## Problem description
Restate word for word the line containing "theory Defs" and all remaining lines of the entries below.

Extracted data entries:
(* Let $\Gamma$ be a finitely generated discrete group with right-invariant word metric $d$. For a bounded linear map $T:C^*_r(\Gamma)\to\mathcal{B}(\ell^2(\Gamma))$ define $u_T:\Gamma\times\Gamma\to\mathbb{C}$ by $u_T(s,t)=\langle\delta_s, T(\lambda_{st^{-1}})\delta_t\rangle$. Then $u_T\in\ell^\infty(\Gamma\times\Gamma)$ and: (i) if $T$ is unital and completely positive, then $u_T$ is positive definite; (ii) if $T$ has finite rank and takes values in $UC^*(\Gamma)$, then $u_T\in C_0(\Gamma\times\Gamma;\Delta)$; (iii) if $(T_\lambda)$ is a net of bounded linear maps $C^*_r(\Gamma)\to\mathcal{B}(\ell^2(\Gamma))$ with $\|T_\lambda(x)-x\|\to0$ for all $x\in C^*_r(\Gamma)$, then $u_{T_\lambda}\to1$ uniformly on $\{(s,t):d(s,t)<R\}$ for every $R>0$.
   Context: Fix a finite symmetric generating set of $\Gamma$ with word length $l$, and let $d(s,t)=l(st^{-1})$. $\lambda_t\delta_r=\delta_{tr}$ is the left regular representation on $\ell^2(\Gamma)$, $\delta_r$ the indicator of $r$, and $C^*_r(\Gamma)$ the norm closure of the span of the $\lambda_t$. $UC^*(\Gamma)$ is the norm closure in $\mathcal{B}(\ell^2(\Gamma))$ of the operators given by bounded matrices $A(s,t)$ vanishing when $d(s,t)>R$ for some $R$ (acting by $(A\xi)(s)=\sum_rA(s,r)\xi(r)$). A function $f$ on $\Gamma\times\Gamma$ is positive definite if $\sum_{i,j}\overline{z_i}f(s_i,s_j)z_j\ge0$ for all finite families $s_i\in\Gamma$, $z_i\in\mathbb{C}$. $C_0(\Gamma\times\Gamma;\Delta)$ is the set of bounded $f$ on $\Gamma\times\Gamma$ such that for every $\epsilon>0$ there is $R>0$ with $|f(s,t)|<\epsilon$ whenever $d(s,t)>R$. *)

theory Defs
  imports "HOL-Analysis.Analysis"
begin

## Solution to the exercise
theory Defs
  imports "HOL-Analysis.Analysis"
begin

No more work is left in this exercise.